Margaret McWade (born Margaret May Fish; September 3, 1871 –  April 1, 1956) was an American stage and film actress. She began her career in vaudeville in the early 1890s. Her most memorable role was as one of The Pixilated Sisters, a comedic stage act with actress Margaret Seddon. Later in 1936, they reprised their roles in the movie Mr. Deeds Goes to Town.

Biography
Margaret May Fish was born September 3, 1871 in Chicago, Illinois, the eldest of three daughters. A number of short biographies state that Fish was born in 1872; however, the 1900 U.S. Census reports her birth in 1871.

Career
During her early career, Margaret May Fish went by the stage name Margaret May. In the late 1890s, while performing in vaudeville, she met fellow actress Margaret Seddon. The two actresses teamed to create a stage act known as The Pixillated Sisters. The act proved to be a hit for the duo. Years later, they would reprise The Pixilated Sisters in the 1936 movie Mr. Deeds Goes to Town.

On September 4, 1897, Margaret married actor Edward McWade. Margaret and her husband appeared in a number of stage performances together in Boston and New York before their marriage. Their earliest stage appearance together was in March 1892 in Boston. They were cast as supporting characters in County Fair at the Whitney Opera House. Until late 1919, Margaret continued to use her stage name Margaret May.

Margaret McWade made her screen debut in the 1914 silent film The Drama of Heyville, starring Marc McDermott and directed by Ashley Miller. She was under contract to the Edison Film Company and was later picked up by the Vitagraph Film Company. She acted in a total of 59 films from 1914 to 1954.

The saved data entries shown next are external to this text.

text \<open>The hypothesis on h says that h is a Catalan slot, in terms of counts of indices.\<close>

lemma honest_vertex_prefix_of_reaching_tine:
  assumes fork: "is_fork w F" and t: "t \<in> F" and reach: "0 \<le> reach w F t"
    and h: "honest_idx w h"
    and catalan: "\<And>a b. a < h \<Longrightarrow> h \<le> b \<Longrightarrow> b \<le> length w \<Longrightarrow>
        count_in (adv_idx w) a b < count_in (honest_idx w) a b"
  shows "prefix (honest_vertex F h) t"
proof (rule ccontr)
  assume "\<not> prefix (honest_vertex F h) t"
  let ?lab = "\<lambda>p. lbl (take p t)"
  obtain g0 where g0: "g0 \<le> length t" "g0 = 0 \<or> honest_idx w (?lab g0)" "?lab g0 < h"
    and above_h: "\<And>p. g0 < p \<Longrightarrow> p \<le> length t \<Longrightarrow> honest_idx w (?lab p) \<Longrightarrow> h < ?lab p"
    using last_honest_below[OF fork t h \<open>\<not> prefix (honest_vertex F h) t\<close>] by blast
  have adv_iff: "adv_idx w (?lab p) \<longleftrightarrow> \<not> honest_idx w (?lab p)" if "0 < p" "p \<le> length t" for p
    using adv_idx_iff_not_honest lbl_take_bounds[OF fork t that] by blast
  show False
  proof (cases "\<exists>p. g0 < p \<and> p \<le> length t \<and> honest_idx w (?lab p)")
    case True
    define p1 where "p1 = (LEAST p. g0 < p \<and> p \<le> length t \<and> honest_idx w (?lab p))"
    have p1: "g0 < p1" "p1 \<le> length t" "honest_idx w (?lab p1)"
      using LeastI_ex[OF True] unfolding p1_def by auto
    have "adv_idx w (?lab p)" if "g0 < p" "p < p1" for p
    proof -
      have "\<not> honest_idx w (?lab p)"
        using not_less_Least[of p "\<lambda>p. g0 < p \<and> p \<le> length t \<and> honest_idx w (?lab p)"] that p1
        unfolding p1_def by auto
      then show ?thesis using adv_iff that p1(2) by simp
    qed
    then have "count_in (honest_idx w) (?lab g0) (?lab p1 - 1) \<le> count_in (adv_idx w) (?lab g0) (?lab p1 - 1)"
      by (rule count_in_honest_le_adv_before_honest[OF fork t p1(1,2) g0(2) p1(3)])
    moreover have "h \<le> ?lab p1 - 1" "?lab p1 - 1 \<le> length w"
      using above_h[OF p1] lbl_take_bounds[OF fork t _ p1(2)] p1(1) by auto
    ultimately show False using catalan[OF g0(3)] by fastforce
  next
    case False
    then have "adv_idx w (?lab p)" if "g0 < p" "p \<le> length t" for p
      using adv_iff that by auto
    then have "count_in (honest_idx w) (?lab g0) (length w) \<le> count_in (adv_idx w) (?lab g0) (length w)"
      using count_in_honest_le_adv_after_last_honest[OF fork t g0(1,2) _ reach] by blast
    then show False using catalan[OF g0(3), of "length w"] h by (auto simp: honest_idx_def)
  qed
qed

section \<open>Nonnegativity of \<mu>\<close>

lemma prefix_closed_takes:
  assumes "v \<in> (\<lambda>p. take p c) ` {..length c}" "prefix u v"
  shows "u \<in> (\<lambda>p. take p c) ` {..length c}"
proof -
  obtain p where p: "p \<le> length c" "v = take p c" using assms(1) by auto
  have "length u \<le> p" using prefix_length_le[OF assms(2)] p by simp
  moreover have "u = take (length u) v" using assms(2) by (metis append_eq_conv_conj prefix_def)
  ultimately show ?thesis using p by (auto simp: min_def intro!: image_eqI[of _ _ "length u"])
qed

lemma is_fork_path:
  assumes sorted: "sorted_wrt (<) (0 # map fst c)"
    and honest: "\<And>a. a \<in> set c \<Longrightarrow> honest_idx w (fst a)"
    and complete: "\<And>i. honest_idx w i \<Longrightarrow> i \<in> fst ` set c"
  shows "is_fork w ((\<lambda>p. take p c) ` {..length c})" (is "is_fork w ?F")
  unfolding is_fork_def
proof (intro conjI ballI allI impI)
  show "finite ?F" "[] \<in> ?F" by auto
  show "u \<in> ?F" if "v \<in> ?F" "prefix u v" for u v using prefix_closed_takes that .
  show "sorted_wrt (<) (0 # map fst v)" if v: "v \<in> ?F" for v
  proof -
    obtain p where "v = take p c" using v by auto
    then show ?thesis using sorted_wrt_take[OF sorted, of "Suc p"] by (simp add: take_map)
  qed
  show "fst a \<le> length w" if v: "v \<in> ?F" and a: "a \<in> set v" for v a
  proof -
    obtain p where "v = take p c" using v by auto
    then have "honest_idx w (fst a)" using honest in_set_takeD[of a p c] a by simp
    then show ?thesis by (simp add: honest_idx_def)
  qed
next
  fix i assume "honest_idx w i"
  then obtain a where "a \<in> set c" "fst a = i" using complete by blast
  then obtain k where k: "k < length c" "fst (c ! k) = i" by (metis in_set_conv_nth)
  have inj: "inj_on (\<lambda>p. lbl (take p c)) {..length c}"
    using lbl_take_less[OF sorted] by (intro strict_mono_on_imp_inj_on strict_mono_onI) auto
  show "\<exists>!v. v \<in> ?F \<and> v \<noteq> [] \<and> lbl v = i"
  proof (rule ex1I[of _ "take (Suc k) c"])
    show "take (Suc k) c \<in> ?F \<and> take (Suc k) c \<noteq> [] \<and> lbl (take (Suc k) c) = i"
      using k by (auto simp: lbl_take)
    show "v = take (Suc k) c" if v: "v \<in> ?F \<and> v \<noteq> [] \<and> lbl v = i" for v
    proof -
      obtain p where p: "p \<le> length c" "v = take p c" using v by auto
      have "lbl (take p c) = lbl (take (Suc k) c)" using v p k by (simp add: lbl_take)
      then have "p = Suc k" by (rule inj_onD[OF inj]) (use p k in auto)
      then show ?thesis using p by simp
    qed
  qed
next
  fix u v assume uv: "u \<in> ?F" "v \<in> ?F" "lbl u < lbl v"
  obtain p p' where "p \<le> length c" "u = take p c" "p' \<le> length c" "v = take p' c"
    using uv(1,2) by auto
  moreover have "p < p'" using lbl_take_le[OF sorted, of p' p] uv(3) calculation by force
  ultimately show "length u < length v" by simp
qed

lemma closed_fork_exists: "\<exists>F. closed_fork w F"
proof -
  define c where "c = map (\<lambda>i. (i, 0::nat)) (filter (honest_idx w) [1..<Suc (length w)])"
  have "map fst c = filter (honest_idx w) [1..<Suc (length w)]" by (simp add: c_def comp_def)
  moreover have "sorted_wrt (<) (filter (honest_idx w) [1..<Suc (length w)])"
    using sorted_wrt_upt[of 1 "Suc (length w)"] by (intro sorted_wrt_filter)
  ultimately have sorted: "sorted_wrt (<) (0 # map fst c)" by (simp add: honest_idx_def)
  have honest: "honest_idx w (fst a)" if "a \<in> set c" for a
    using that by (auto simp: c_def)
  have "i \<in> fst ` set c" if i: "honest_idx w i" for i
  proof -
    have "i \<in> set [1..<Suc (length w)]" using i by (auto simp: honest_idx_def)
    then have "(i, 0) \<in> set c" using i unfolding c_def by auto
    then show ?thesis by (metis fst_conv image_eqI)
  qed
  then have "is_fork w ((\<lambda>p. take p c) ` {..length c})"
    using is_fork_path[OF sorted honest] by blast
  moreover have "v = [] \<or> honest_idx w (lbl v)" if v: "v \<in> (\<lambda>p. take p c) ` {..length c}" for v
  proof -
    obtain p where "p \<le> length c" "v = take p c" using v by auto
    then show ?thesis using honest[OF nth_mem[of "p - 1" c]] by (cases "p = 0") (auto simp: lbl_take)
  qed
  ultimately show ?thesis unfolding closed_fork_def by blast
qed

lemma count_in_le: "count_in P a b \<le> b - a"
proof -
  have "count_in P a b \<le> card {a<..b}" unfolding count_in_def by (intro card_mono) auto
  then show ?thesis by simp
qed

lemma length_le_of_fork:
  assumes fork: "is_fork w F" and v: "v \<in> F"
  shows "length v \<le> length w"
proof -
  have "inj_on (\<lambda>p. lbl (take p v)) {1..length v}"
    using lbl_take_less[OF is_fork_sorted[OF fork v]]
    by (intro strict_mono_on_imp_inj_on strict_mono_onI) auto
  moreover have "(\<lambda>p. lbl (take p v)) ` {1..length v} \<subseteq> {1..length w}"
    using lbl_take_bounds[OF fork v] by auto
  ultimately show ?thesis using card_inj_on_le[of _ "{1..length v}" "{1..length w}"] by fastforce
qed

lemma height_le_length:
  assumes fork: "is_fork w F"
  shows "height F \<le> length w"
proof -
  have "height F \<in> length ` F"
    unfolding height_def using is_fork_finite[OF fork] is_fork_root[OF fork] by (intro Max_in) auto
  then show ?thesis using length_le_of_fork[OF fork] by auto
qed

lemma reach_abs_le:
  assumes "is_fork w F"
  shows "\<bar>reach w F t\<bar> \<le> int (length w)"
proof -
  have "gap F t \<le> length w" using height_le_length[OF assms] by (simp add: gap_def)
  moreover have "reserve w t \<le> length w"
    using count_in_le[of "adv_idx w" "lbl t" "length w"] by (simp add: reserve_eq_count_in)
  ultimately show ?thesis by (simp add: reach_def)
qed

lemma min_reach_pairs_finite_nonempty:
  assumes fork: "is_fork (x @ y) F"
  defines "S \<equiv> {min (reach (x @ y) F t1) (reach (x @ y) F t2) | t1 t2.
      t1 \<in> F \<and> t2 \<in> F \<and> disjoint_over (length x) t1 t2}"
  shows "finite S" "S \<noteq> {}"
proof -
  have "S \<subseteq> (\<lambda>(t1, t2). min (reach (x @ y) F t1) (reach (x @ y) F t2)) ` (F \<times> F)"
    unfolding S_def by auto
  then show "finite S" using is_fork_finite[OF fork] finite_subset by blast
  have "disjoint_over (length x) [] []" by (simp add: disjoint_over_def)
  then show "S \<noteq> {}" unfolding S_def using is_fork_root[OF fork] by blast
qed

lemma mu_fork_nonneg_iff:
  assumes "is_fork (x @ y) F"
  shows "0 \<le> mu_fork x y F \<longleftrightarrow> (\<exists>t1 t2. t1 \<in> F \<and> t2 \<in> F \<and> disjoint_over (length x) t1 t2 \<and>
      0 \<le> reach (x @ y) F t1 \<and> 0 \<le> reach (x @ y) F t2)"
  unfolding mu_fork_def using min_reach_pairs_finite_nonempty[OF assms]
  by (subst Max_ge_iff) force+

lemma mu_fork_abs_le:
  assumes fork: "is_fork (x @ y) F"
  shows "\<bar>mu_fork x y F\<bar> \<le> int (length (x @ y))"
proof -
  have "mu_fork x y F \<in> {min (reach (x @ y) F t1) (reach (x @ y) F t2) | t1 t2.
      t1 \<in> F \<and> t2 \<in> F \<and> disjoint_over (length x) t1 t2}"
    unfolding mu_fork_def using min_reach_pairs_finite_nonempty[OF fork] by (rule Max_in)
  then show ?thesis using reach_abs_le[OF fork] by (fastforce simp: min_def abs_le_iff)
qed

Between films, she was a prolific stage actress, touring the U.S. with various theatrical companies. Margaret also toured in theater shows with her husband Edward, several which he wrote. In April 1901, Edward McWade wrote and produced the play Winchester at the American Theater in New York. The play was based upon an event during the Civil War. Edward McWade wrote a supporting role for his wife. In 1902, he wrote the play The Land of Mystery, a romantic drama in which Margaret also had a role.

In 1922, Margaret was cast in the movie The Blot, produced and directed by Lois Weber. The Blot is considered by many critics to be Weber's greatest film. McWade played Mrs. Griggs, and she is described in reviews as the, "old mother hubbard, shouldering most of the burden for the penny pinching family." The movie received critical acclaim, which paved the way for more acting roles. McWade most often was described as playing the mother, aunt, older sister, spinster, and later in her career, the grandmother. In the Louisiana newspaper Monroe Morning World on June 5, 1938, she is described physically as "the one with the angular face and black hair".

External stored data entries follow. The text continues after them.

subsection \<open>Sufficiency of the conditions\<close>

lemma normalized_potential_exists:
  fixes FF :: "'m::finite \<Rightarrow> 'm \<Rightarrow> 'm fn3"
  assumes FF_sym: "\<And>j j'. FF j j' = FF j' j" and FF_smooth: "\<And>j j'. smooth3 (FF j j')"
    and aa: "\<forall>j j' j'' x w p. Dp j'' (FF j j') x w p = Dp j' (FF j j'') x w p"
  shows "\<exists>fb. normalized_potential FF c fb"
proof -
  interpret P: orthonormal_frame "eP :: 'm \<Rightarrow> 'm pt3" "(0, 0, c)"
    by unfold_locales (rule inner_eP)
  have coord: "P.coord i (x, w, c) = 0" for i x w
    by (simp add: P.coord_def eP_def inner_Pair inner_axis)
  define B where "B = (\<lambda>j'. P.cone_integral 0 (\<lambda>i. uncurry3 (FF i j')))"
  have smB: "smooth_fn (uncurry3 (FF i j'))" for i j'
    using FF_smooth by (simp add: smooth3_iff)
  have closed_FF: "dirderiv (uncurry3 (FF i j')) (eP l) z = dirderiv (uncurry3 (FF l j')) (eP i) z"
    for i j' l z
  proof -
    have "Dp l (FF j' i) x w p = Dp i (FF j' l) x w p" for x w p using aa by blast
    then have "Ddir (eP l) (FF i j') x w p = Ddir (eP i) (FF l j') x w p" for x w p
      using FF_smooth by (simp add: Dp_eq_Ddir FF_sym[of j' i] FF_sym[of j' l])
    then show ?thesis by (simp add: dirderiv_uncurry3)
  qed
  have B: "smooth_fn (B j')" "dirderiv (B j') (eP i) z = uncurry3 (FF i j') z" for i j' z
    unfolding B_def
    by (rule P.smooth_fn_cone_integral[OF smB], rule P.poincare_closed_1form[OF smB closed_FF])
  define G where "G = P.cone_integral 0 B"
  have closed_B: "dirderiv (B i) (eP j) z = dirderiv (B j) (eP i) z" for i j z
    unfolding B(2) using FF_sym by simp
  have G: "smooth_fn G" "dirderiv G (eP i) z = B i z" for i z
    unfolding G_def
    by (rule P.smooth_fn_cone_integral[OF B(1)], rule P.poincare_closed_1form[OF B(1) closed_B])
  define fb where "fb = (\<lambda>x w p. G (x, w, p))"
  have ufb: "uncurry3 fb = G" by (auto simp: fb_def uncurry3_def)
  have sfb: "smooth3 fb" using G(1) by (simp add: smooth3_iff ufb)
  have Dp_fb: "uncurry3 (Dp j fb) = B j" for j
    using sfb by (simp add: Dp_eq_Ddir uncurry3_Ddir ufb G(2) fun_eq_iff)
  have "Dp j (Dp j' fb) x w p = FF j j' x w p" for j j' x w p
    using sfb by (simp add: Dp_eq_Ddir[of "Dp j' fb"] Ddir_def Dp_fb B(2))
  moreover have "fb x w c = 0" for x w
    unfolding fb_def G_def by (rule P.cone_integral_base) (simp add: coord)
  moreover have "Dp j fb x w c = 0" for j x w
    using uncurry3_apply[of "Dp j fb" x w c] unfolding Dp_fb B_def
    by (simp add: P.cone_integral_base coord)
  ultimately show ?thesis using sfb unfolding normalized_potential_def by blast
qed

lemma coefficients_A_exist:
  fixes \<phi> :: "'m::finite \<Rightarrow> 'm \<Rightarrow> 'm fn2"
  assumes sphi: "\<And>j j'. smooth2 (\<phi> j' j)"
    and anti: "\<And>j j' x w. \<phi> j' j x w + \<phi> j j' x w = 0"
    and closed: "\<And>j j' k x w. Dw2 k (\<phi> j' j) x w + Dw2 j' (\<phi> j k) x w + Dw2 j (\<phi> k j') x w = 0"
  shows "\<exists>A. (\<forall>j. smooth2 (A j)) \<and> (\<forall>j j' x w. Dw2 j (A j') x w - Dw2 j' (A j) x w = \<phi> j' j x w)"
proof -
  interpret P: orthonormal_frame "eW2 :: 'm \<Rightarrow> 'm pt2" 0
    by unfold_locales (rule inner_eW2)
  define \<omega> where "\<omega> = (\<lambda>j j'. uncurry2 (\<phi> j' j))"
  have sm: "smooth_fn (\<omega> j j')" for j j'
    unfolding \<omega>_def using sphi by (simp add: smooth2_iff)
  have anti': "\<omega> j j' z = - \<omega> j' j z" for j j' z
    unfolding \<omega>_def using anti[of j' j "fst z" "snd z"] by (cases z) simp
  have closed': "dirderiv (\<omega> j j') (eW2 k) z + dirderiv (\<omega> j' k) (eW2 j) z + dirderiv (\<omega> k j) (eW2 j') z = 0"
    for j j' k z
    using closed[of k j' j "fst z" "snd z"] sphi
    unfolding \<omega>_def dirderiv_uncurry2 by (simp add: Dw2_eq_Ddir2 algebra_simps)
  define A where "A = (\<lambda>j' x w. P.cone_integral 1 (\<lambda>k. \<omega> k j') (x, w))"
  have uA: "uncurry2 (A j') = P.cone_integral 1 (\<lambda>k. \<omega> k j')" for j'
    by (auto simp: A_def uncurry2_def)
  have sA: "smooth2 (A j)" for j
    unfolding smooth2_iff uA by (rule P.smooth_fn_cone_integral[OF sm])
  have "Dw2 j (A j') x w - Dw2 j' (A j) x w = \<phi> j' j x w" for j j' x w
    using P.poincare_closed_2form[OF sm anti' closed', of j' j "(x, w)"] sA
    by (simp add: Dw2_eq_Ddir2 Ddir2_def uA \<omega>_def)
  then show ?thesis using sA by blast
qed

text \<open>Condition (e) says precisely that the right-hand sides of the equations for A0 form a
  closed 1-form in w.\<close>

lemma coefficient_A0_rhs_closed:
  fixes \<psi> :: "'m::finite \<Rightarrow> 'm fn2" and \<phi> :: "'m \<Rightarrow> 'm \<Rightarrow> 'm fn2"
  assumes spsi: "\<And>j. smooth2 (\<psi> j)" and sphi: "\<And>j j'. smooth2 (\<phi> j' j)" and sA: "\<And>j. smooth2 (A j)"
    and eqA: "\<And>j j'. Ddir2 (eW2 j) (A j') = (\<lambda>x w. Ddir2 (eW2 j') (A j) x w + \<phi> j' j x w)"
    and ee: "\<And>j j' x w. Ddir2 (eW2 j) (\<psi> j') x w - Ddir2 (eW2 j') (\<psi> j) x w + Ddir2 eX2 (\<phi> j' j) x w
                    + (\<Sum>k\<in>UNIV. c $ k * Ddir2 (eW2 k) (\<phi> j' j) x w) = 0"
  shows "Ddir2 (eW2 j) (\<lambda>x w. \<psi> i x w + Ddir2 eX2 (A i) x w + (\<Sum>k\<in>UNIV. c $ k * Ddir2 (eW2 k) (A i) x w)) x w
    = Ddir2 (eW2 i) (\<lambda>x w. \<psi> j x w + Ddir2 eX2 (A j) x w + (\<Sum>k\<in>UNIV. c $ k * Ddir2 (eW2 k) (A j) x w)) x w"
    (is "Ddir2 (eW2 j) (?b i) x w = Ddir2 (eW2 i) (?b j) x w")
proof -
  have X: "Ddir2 eX2 (Ddir2 (eW2 j) (A i)) = (\<lambda>x w. Ddir2 eX2 (Ddir2 (eW2 i) (A j)) x w + Ddir2 eX2 (\<phi> i j) x w)"
    unfolding eqA[of j i] using sA sphi by simp
  have W: "Ddir2 (eW2 k) (Ddir2 (eW2 j) (A i))
      = (\<lambda>x w. Ddir2 (eW2 k) (Ddir2 (eW2 i) (A j)) x w + Ddir2 (eW2 k) (\<phi> i j) x w)" for k
    unfolding eqA[of j i] using sA sphi by simp
  have "Ddir2 (eW2 j) (?b i) x w = Ddir2 (eW2 j) (\<psi> i) x w + Ddir2 eX2 (Ddir2 (eW2 j) (A i)) x w
      + (\<Sum>k\<in>UNIV. c $ k * Ddir2 (eW2 k) (Ddir2 (eW2 j) (A i)) x w)"
    using spsi sA by (simp add: Ddir2_commute[of "A i"])
  also have "\<dots> = Ddir2 (eW2 j) (\<psi> i) x w + Ddir2 eX2 (Ddir2 (eW2 i) (A j)) x w + Ddir2 eX2 (\<phi> i j) x w
      + (\<Sum>k\<in>UNIV. c $ k * Ddir2 (eW2 k) (Ddir2 (eW2 i) (A j)) x w)
      + (\<Sum>k\<in>UNIV. c $ k * Ddir2 (eW2 k) (\<phi> i j) x w)"
    unfolding X W by (simp add: sum.distrib algebra_simps)
  also have "\<dots> = Ddir2 (eW2 i) (\<psi> j) x w + Ddir2 eX2 (Ddir2 (eW2 i) (A j)) x w
      + (\<Sum>k\<in>UNIV. c $ k * Ddir2 (eW2 k) (Ddir2 (eW2 i) (A j)) x w)"
    using ee[of j i x w] by simp
  also have "\<dots> = Ddir2 (eW2 i) (?b j) x w"
    using spsi sA by (simp add: Ddir2_commute[of "A j"])
  finally show ?thesis .
qed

In 1935, producers approached both McWade and Seddon and asked them to reprise their roles as The Pixilated Sisters for the 1936 movie Mr. Deeds Goes to Town, starring Gary Cooper and directed by Frank Capra. In the film, the two actresses play sisters who believe that Cooper's character is "pixilated". Reprising these characters set off a brief firestorm of stage and film performances for the duo. In The Corsicana Daily Sun, McWade is quoted regarding having played the Pixilated Sisters in the movie: "it's a one chance in a million, like something out of a book. It's not hard to understand. It wasn't we who clicked individually or even collectively. It was a grand part. If you recall, we turned the tide by our testimony in favor of Gary Cooper at an insanity hearing. He was a beloved character, and by helping him we helped ourselves."

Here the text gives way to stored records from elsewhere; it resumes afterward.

lemma sum_const_eq_zero_CHAR:
  fixes smult :: "'f::field \<Rightarrow> 'a::ab_group_add \<Rightarrow> 'a" and y :: 'a
  assumes "module smult"
  shows "(\<Sum>_<CHAR('f). y) = 0"
proof -
  have "(\<Sum>_<CHAR('f). y) = smult (of_nat CHAR('f)) y"
    using module.sum_constant_scale[OF assms, of y "{..<CHAR('f)}"] by simp
  then show ?thesis
    by (simp add: module.scale_zero_left[OF assms])
qed

lemma tmul_assoc:
  fixes x y z :: "nat set \<Rightarrow> 'a::semiring_0"
  shows "tmul (tmul x y) z = tmul x (tmul y z)"
proof
  fix U :: "nat set"
  show "tmul (tmul x y) z U = tmul x (tmul y z) U"
  proof (cases "finite U")
    case False
    then show ?thesis by (simp add: tmul_def)
  next
    case True
    have "tmul (tmul x y) z U = (\<Sum>S\<in>Pow U. \<Sum>R\<in>Pow S. x R * y (S - R) * z (U - S))"
      by (simp add: tmul_def sum_distrib_right)
    also have "\<dots> = (\<Sum>(S,R)\<in>Sigma (Pow U) Pow. x R * y (S - R) * z (U - S))"
      using True by (subst sum.Sigma) (auto intro: finite_subset)
    also have "\<dots> = (\<Sum>(R,Q)\<in>Sigma (Pow U) (\<lambda>R. Pow (U - R)). x R * (y Q * z (U - R - Q)))"
    proof (rule sum.reindex_bij_witness[where i="\<lambda>(R,Q). (R \<union> Q, R)" and j="\<lambda>(S,R). (R, S - R)"])
      fix w assume "w \<in> Sigma (Pow U) Pow"
      then obtain S R where "w = (S, R)" "R \<subseteq> S" "S \<subseteq> U" by auto
      moreover from this have "U - R - (S - R) = U - S" by blast
      ultimately show "(case (case w of (S, R) \<Rightarrow> (R, S - R)) of
          (R, Q) \<Rightarrow> x R * (y Q * z (U - R - Q))) = (case w of (S, R) \<Rightarrow> x R * y (S - R) * z (U - S))"
        by (simp add: mult.assoc)
    qed (clarsimp, blast)+
    also have "\<dots> = (\<Sum>R\<in>Pow U. \<Sum>Q\<in>Pow (U - R). x R * (y Q * z (U - R - Q)))"
      using True by (subst sum.Sigma) auto
    also have "\<dots> = tmul x (tmul y z) U"
      by (simp add: tmul_def sum_distrib_left)
    finally show ?thesis .
  qed
qed

text \<open>A copy of the function type, so that it can carry the multiplication of A \<otimes> E instead of
  the pointwise one.\<close>

typedef 'a tensor = "UNIV :: (nat set \<Rightarrow> 'a) set"
  morphisms coeffs tensor
  by simp

setup_lifting type_definition_tensor

instantiation tensor :: (ring) ring
begin

lift_definition zero_tensor :: "'a tensor" is "\<lambda>_. 0" .
lift_definition plus_tensor :: "'a tensor \<Rightarrow> 'a tensor \<Rightarrow> 'a tensor" is "\<lambda>x y U. x U + y U" .
lift_definition minus_tensor :: "'a tensor \<Rightarrow> 'a tensor \<Rightarrow> 'a tensor" is "\<lambda>x y U. x U - y U" .
lift_definition uminus_tensor :: "'a tensor \<Rightarrow> 'a tensor" is "\<lambda>x U. - x U" .
lift_definition times_tensor :: "'a tensor \<Rightarrow> 'a tensor \<Rightarrow> 'a tensor" is tmul .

The two actresses teamed for a variety of films throughout the late 1930s and into the 1940s, often playing spinster sisters in comedic roles written for them, such as One Man's Bonus. After 1936, they often were billed in newspapers and posters as those "beloved Pixilated Sisters".

Later years and death
Two years after performing in her last movie, Margaret McWade died on April 1, 1956 in Los Angeles at the age of 83. She was buried in her hometown of Chicago, Illinois in Rosehill Cemetery.

Stage performances
 1892: The County Fair. The Whitney Opera House; Boston, MA; ** Edward McWade in production.
 1893: Comic Stage Sketches. Boston, MA; **Edward McWade in production.
 1901: Winchester. The American Theater, New York; Written by Edward McWade.
 1902: The Land of Mystery. New York Theater Company; New York; Written by husband Edward McWade.
 1912: Robert A. Hudson Theater; San Francisco, CA; New York Stage Production Company.
 1925: The Painted Lady.The William Fox Players. Touring theatrical show. Bar Harbor Maine.

Partial filmography

The Man Who Disappeared (1914, serial) - Landlady [Ch. 4]
Blue Jeans (1917) - Cindy Tutwiler
To Hell with the Kaiser! (1918)
Flower of the Dusk (1918) - Miriam
The Great Victory (1919) - Nurse Edith Cavell
The Broken Commandments (1919) - Mrs. Banard
When a Man Loves (1919) - Yaki
Stronger Than Death (1920) - Mrs. Boucicault
The Confession (1920) - Mrs. Bartlett
Shore Acres (1920) - Ann Berry, Martin's Wife
Alias Miss Dodd (1920) - Sarah Ross
 Darling Mine (1920) - Agnes McCarthy
Food for Scandal (1920) - Señora Maria Serra
 The Blue Moon (1920) - The Iron-gray Woman
Her Beloved Villain (1920) - Madame Bergomat
A Tale of Two Worlds (1921) - Attendant
The Foolish Matrons (1921) - Mrs. Eugenia Sheridan
The Blot (1921) - Mrs. Theodore Griggs
 Garments of Truth (1921) - Mrs. Crope
Her Mad Bargain (1921) - Mrs. Dunn
Alice Adams (1923) - Mrs. Adams
Broken Barriers (1924) - Mrs. Durland
The Cyclone Rider (1924) - Mrs. Armstrong
The Painted Lady (1924) - Mrs. Smith
Sundown (1924) - Mrs. Brent
The Lost World (1925) - Mrs. Challenger
White Fang (1925) - Mrs. Black
High Steppers (1926) - Mrs. Clancy
Women Who Dare (1928) - Mrs. Kelly
Una nueva y gloriosa nación (1928) - Balcarce's Mother
Manslaughter (1930) - Prison inmate (uncredited)
The Last Days of Pompeii (1935) - Calvus' Wife (uncredited)
Mr. Deeds Goes to Town (1936) - Amy (uncredited)
Postal Inspector (1936) - Old Maid - Mrs. Compton (uncredited)
Theodora Goes Wild (1936) - Aunt Elsie
Let's Make a Million (1936) - Aunt Lucy
Lost Horizon (1937) - Missionary (uncredited)
We Have Our Moments (1937) - Woman in Stateroom (uncredited)
Wings Over Honolulu (1937) - Nellie Curtis
Love in a Bungalow (1937) - Miss Lydia Bisbee
Danger: Love at Work (1937) - Aunt Patty
Forbidden Valley (1938) - Mrs. Scudd
Holiday (1938) - Farmer's Wife (scenes deleted)
Having Wonderful Time (1938) - Mrs. G (uncredited)
The Texans (1938) - Middle-Aged Lady (uncredited)
Service de Luxe (1938) - Small Towner (uncredited)
I Stole a Million (1939) - Matron (uncredited)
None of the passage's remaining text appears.